GuangChen2016 commented 7 years ago

@zakizhou And if it is the sequence regression task, how can I modify the loss in order not to take into the loss that brought by the padding？ Could you give some suggestion ？ Thank you！

zakizhou commented 7 years ago

I think the TAGS_SIZE(including PAD and UNK) is predefined before starting implementation and here I choose PAD = 0 and UNK = TAGS_SIZE - 1 so that totally there will be TAGS_SIZE tags and actually TAGS_SIZE - 2 tags is meaningful.
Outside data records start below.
lemma treeD_cproof: "cproof treeD"
  unfolding treeD_def GD_def
  by (intro cproof_nodes)
    (auto simp: Neg_def consts_seq_def is_axiom_def is_atomic_def add_mset_commute)

definition shapeD :: "fm set \<Rightarrow> bool" where
  "shapeD S = (\<forall>F\<in>S. F = Imp GD Bot \<or> (\<exists>t. F = Ex (Ra t (Bnd 0))) \<or> (\<exists>p ts. F = Atom p ts))"
definition stuckD :: "fm set \<Rightarrow> fm \<Rightarrow> bool" where
  "stuckD S C = (shapeD S \<and> (C = GD \<or> C = Bot
   \<or> (\<exists>x. C = Imp (Ex (Ra (Fn x []) (Bnd 0))) (Ex (Ra (Fn x []) (Bnd 0)))
     \<and> (\<forall>v. Ra (Fn x []) v \<notin> S))
   \<or> (\<exists>x. C = Ex (Ra (Fn x []) (Bnd 0)) \<and> (\<forall>v. Ra (Fn x []) v \<notin> S))
   \<or> (is_atomic C \<and> C \<notin> S)))"

lemma not_der_stuckD:
  assumes "der True R n S C" "stuckD S C"
  shows False
  using assms
proof (induction True R n S C rule: der.induct)
  case (impL R C A B S n)
  then have "A = GD" unfolding stuckD_def shapeD_def by (auto simp: GD_def)
  then show ?case using impL unfolding stuckD_def shapeD_def by auto
next
  case (exL R C A S x n)
  then obtain t where A: "A = Ra t (Bnd 0)" unfolding stuckD_def shapeD_def by (auto simp: GD_def)
  have "C \<noteq> inst_fm 0 (Fn x []) A" using exL(5) A by auto
  then show ?case using exL A unfolding stuckD_def shapeD_def
    by (auto simp: atomic_or_bot_def is_atomic_def)
next
  case (impR R n A S B)
  then show ?case unfolding stuckD_def shapeD_def by (auto simp: GD_def is_atomic_def)
next
  case (allR R x S A n)
  then have "A = Imp (Ex (Ra (Bnd 1) (Bnd 0))) (Ex (Ra (Bnd 1) (Bnd 0)))" unfolding stuckD_def
    by (auto simp: GD_def is_atomic_def)
  moreover have "\<forall>v. Ra (Fn x []) v \<notin> S" using allR(2) consts_fm_subset_consts_fms by fastforce
  ultimately show ?case using allR unfolding stuckD_def by auto
next
  case (exR R t n S A)
  then show ?case unfolding stuckD_def by (auto simp: GD_def is_atomic_def)
qed (auto simp: stuckD_def shapeD_def GD_def atomic_or_bot_def is_atomic_def)

lemma nonuniform_example_D: "nonuniform_example {AllR, ExR, ExL, ImpR}"
proof (rule nonuniform_exampleI[of GD "{#}" treeD, OF _ _ treeD_cproof])
  show "\<not> der True UNIV n (insert (Neg GD) (set_mset {#})) GD" for n
    using not_der_stuckD[of UNIV n "insert (Neg GD) (set_mset {#})" GD]
    by (auto simp: stuckD_def shapeD_def Neg_def)
qed (auto simp: single_succedents_def treeD_def goal_seq_def wff_def GD_def)

text \<open>\<open>\<forall>x (R x x \<or> R x k) \<longrightarrow> \<forall>x \<exists>y R x y\<close>: the witness of \<open>\<exists>\<close>-R depends on the branch
  of \<open>\<or>\<close>-L.\<close>

definition HE :: fm where
  "HE = All (Or (Ra (Bnd 0) (Bnd 0)) (Ra (Bnd 0) k))"

definition treeE :: ptree where
  "treeE =
    PT (add_mset (Neg GC) {#HE#}, {#GC#}) AllR [
     PT (add_mset HE {#Neg GC#}, {#Ex (Ra c (Bnd 0))#}) AllL [
      PT (add_mset (Or (Ra c c) (Ra c k)) {#Neg GC#}, {#Ex (Ra c (Bnd 0))#}) OrL [
       PT (add_mset (Ra c c) {#Neg GC#}, {#Ex (Ra c (Bnd 0))#}) ExR [
        PT (add_mset (Ra c c) {#Neg GC#}, {#Ra c c#}) Axiom []],
       PT (add_mset (Ra c k) {#Neg GC#}, {#Ex (Ra c (Bnd 0))#}) ExR [
        PT (add_mset (Ra c k) {#Neg GC#}, {#Ra c k#}) Axiom []]]]]"

lemma treeE_cproof: "cproof treeE"
  unfolding treeE_def GC_def HE_def
  by (intro cproof_nodes)
    (auto simp: Neg_def consts_seq_def is_axiom_def is_atomic_def add_mset_commute)

definition shapeE :: "fm set \<Rightarrow> bool" where
  "shapeE S =
     (\<forall>F\<in>S. F = Imp GC Bot \<or> F = HE \<or> (\<exists>t. F = Or (Ra t t) (Ra t k)) \<or> (\<exists>p ts. F = Atom p ts))"
definition stuckE :: "fm set \<Rightarrow> fm \<Rightarrow> bool" where
  "stuckE S C = (HE \<in> S \<and> shapeE S \<and> (C = GC \<or> C = Bot
   \<or> (\<exists>x. x \<noteq> 5 \<and> C = Ex (Ra (Fn x []) (Bnd 0)) \<and> (\<forall>v. Ra (Fn x []) v \<notin> S))
   \<or> (\<exists>x v. x \<noteq> 5 \<and> C = Ra (Fn x []) v \<and> C \<notin> S)))"

lemma not_der_stuckE:
  assumes "der True R n S C" "stuckE S C"
  shows False
  using assms
proof (induction True R n S C rule: der.induct)
  case (orL R C A B S n)
  then obtain t where AB: "A = Ra t t" "B = Ra t k" unfolding stuckE_def shapeE_def
    by (auto simp: GC_def HE_def)
  show ?case
  proof (cases "C = A")
    case True
    then have "C \<noteq> B" using orL AB unfolding stuckE_def by (auto simp: GC_def)
    then show ?thesis using orL AB unfolding stuckE_def shapeE_def
      by (auto simp: atomic_or_bot_def is_atomic_def GC_def)
  next
    case False
    then show ?thesis using orL AB unfolding stuckE_def shapeE_def
      by (auto simp: atomic_or_bot_def is_atomic_def)
  qed
next
  case (allL R C A S t n)
  then have "A = Or (Ra (Bnd 0) (Bnd 0)) (Ra (Bnd 0) k)" unfolding stuckE_def shapeE_def
    by (auto simp: GC_def HE_def)
  then show ?case using allL unfolding stuckE_def shapeE_def
    by (auto simp: atomic_or_bot_def is_atomic_def)
next
  case (impL R C A B S n)
  then have "A = GC" unfolding stuckE_def shapeE_def by (auto simp: GC_def HE_def)
  then show ?case using impL unfolding stuckE_def shapeE_def by auto
next
  case (allR R x S A n)
  then have "A = Ex (Ra (Bnd 1) (Bnd 0))" unfolding stuckE_def by (auto simp: GC_def)
  moreover have "\<forall>v. Ra (Fn x []) v \<notin> S" using allR(2) consts_fm_subset_consts_fms by fastforce
  moreover have "x \<noteq> 5" using allR(2) consts_fm_subset_consts_fms[of HE S] allR(6)
    unfolding stuckE_def by (auto simp: HE_def)
  ultimately show ?case using allR unfolding stuckE_def by auto
next
  case (exR R t n S A)
  then show ?case unfolding stuckE_def by (auto simp: GC_def)
qed (auto simp: stuckE_def shapeE_def GC_def HE_def atomic_or_bot_def is_atomic_def)

lemma nonuniform_example_E: "nonuniform_example {AllR, ExR, OrL, AllL}"
proof (rule nonuniform_exampleI[of GC "{#HE#}" treeE, OF _ _ treeE_cproof])
  show "\<not> der True UNIV n (insert (Neg GC) (set_mset {#HE#})) GC" for n
    using not_der_stuckE[of UNIV n "insert (Neg GC) (set_mset {#HE#})" GC]
    by (auto simp: stuckE_def shapeE_def Neg_def)
qed (auto simp: single_succedents_def treeE_def goal_seq_def wff_def GC_def HE_def)

text \<open>\<open>\<longrightarrow> \<forall>x ((R x x \<or> R x k) \<supset> \<exists>y R x y)\<close>: the same, via \<open>\<supset>\<close>-R.\<close>

definition GF :: fm where
  "GF = All (Imp (Or (Ra (Bnd 0) (Bnd 0)) (Ra (Bnd 0) k)) (Ex (Ra (Bnd 1) (Bnd 0))))"

definition treeF :: ptree where
  "treeF =
    PT ({#Neg GF#}, {#GF#}) AllR [
     PT ({#Neg GF#}, {#Imp (Or (Ra c c) (Ra c k)) (Ex (Ra c (Bnd 0)))#}) ImpR [
      PT (add_mset (Or (Ra c c) (Ra c k)) {#Neg GF#}, {#Ex (Ra c (Bnd 0))#}) OrL [
       PT (add_mset (Ra c c) {#Neg GF#}, {#Ex (Ra c (Bnd 0))#}) ExR [
        PT (add_mset (Ra c c) {#Neg GF#}, {#Ra c c#}) Axiom []],
       PT (add_mset (Ra c k) {#Neg GF#}, {#Ex (Ra c (Bnd 0))#}) ExR [
        PT (add_mset (Ra c k) {#Neg GF#}, {#Ra c k#}) Axiom []]]]]"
When I start this repo I chose to use single directional lstm but then I realized that the back directional info is also helpful because our humans determine pos of words in a sentence only after it is totally written down (not like language model)

GuangChen2016 commented 7 years ago

@zakizhou Thank you. I think you have mistaken my meaning. You explain the meaning of LSTM and BiLSTM, but what I want to know is that the reason that the implementation of the LOSS function in this LSTM and BiLSTM are different. As you use another way to achieve the LOSS calculation in LSTM rather than the "mask" that used in BiLSTM. Thank you.

zakizhou commented 7 years ago

I don't understand what you mean by "use another way", in my code I did "mask" the loss in BiLSTM, after dynamic_bidirectional_rnn, I get two tensors shaped [batch_size, max_steps, forward_units] and [batch_size, max_steps, backward_units] and then I concat them in the third dim and get a [batch_size, max_steps, forward_units + backward_units] tensor , do a fully connection and softmax with labels and finally get the loss tensor [batch_size, max_steps], each element in this tensor is a float, also I created a mask tensor shaped [batch_size, max_steps] each element is 0 or 1(1 means this loss should exist 0 means not), doing a element-wise product will mask out the true loss

GuangChen2016 commented 7 years ago

@zakizhou Surely, I understand the process of your implementation of BiLSTM. What I don't understand is that the implementation of LOSS function in single direction LSTM as the following: with tf.namescope("loss"): targets = [tf.squeeze(tag, [1]) for tag_ in tf.split([1], max_steps, inputs.tags)] weights_bool = [tf.greater_equal(inputs.sequence_lengths, step) for step in range(1, max_steps + 1)] weights = [tf.cast(weight, tf.float32) for weight in weights_bool] cross_entropy_per_example = tf.nn.seq2seq.sequence_loss_by_example(logits=logits, targets=targets, weights=weights) Why don't you use masking in this?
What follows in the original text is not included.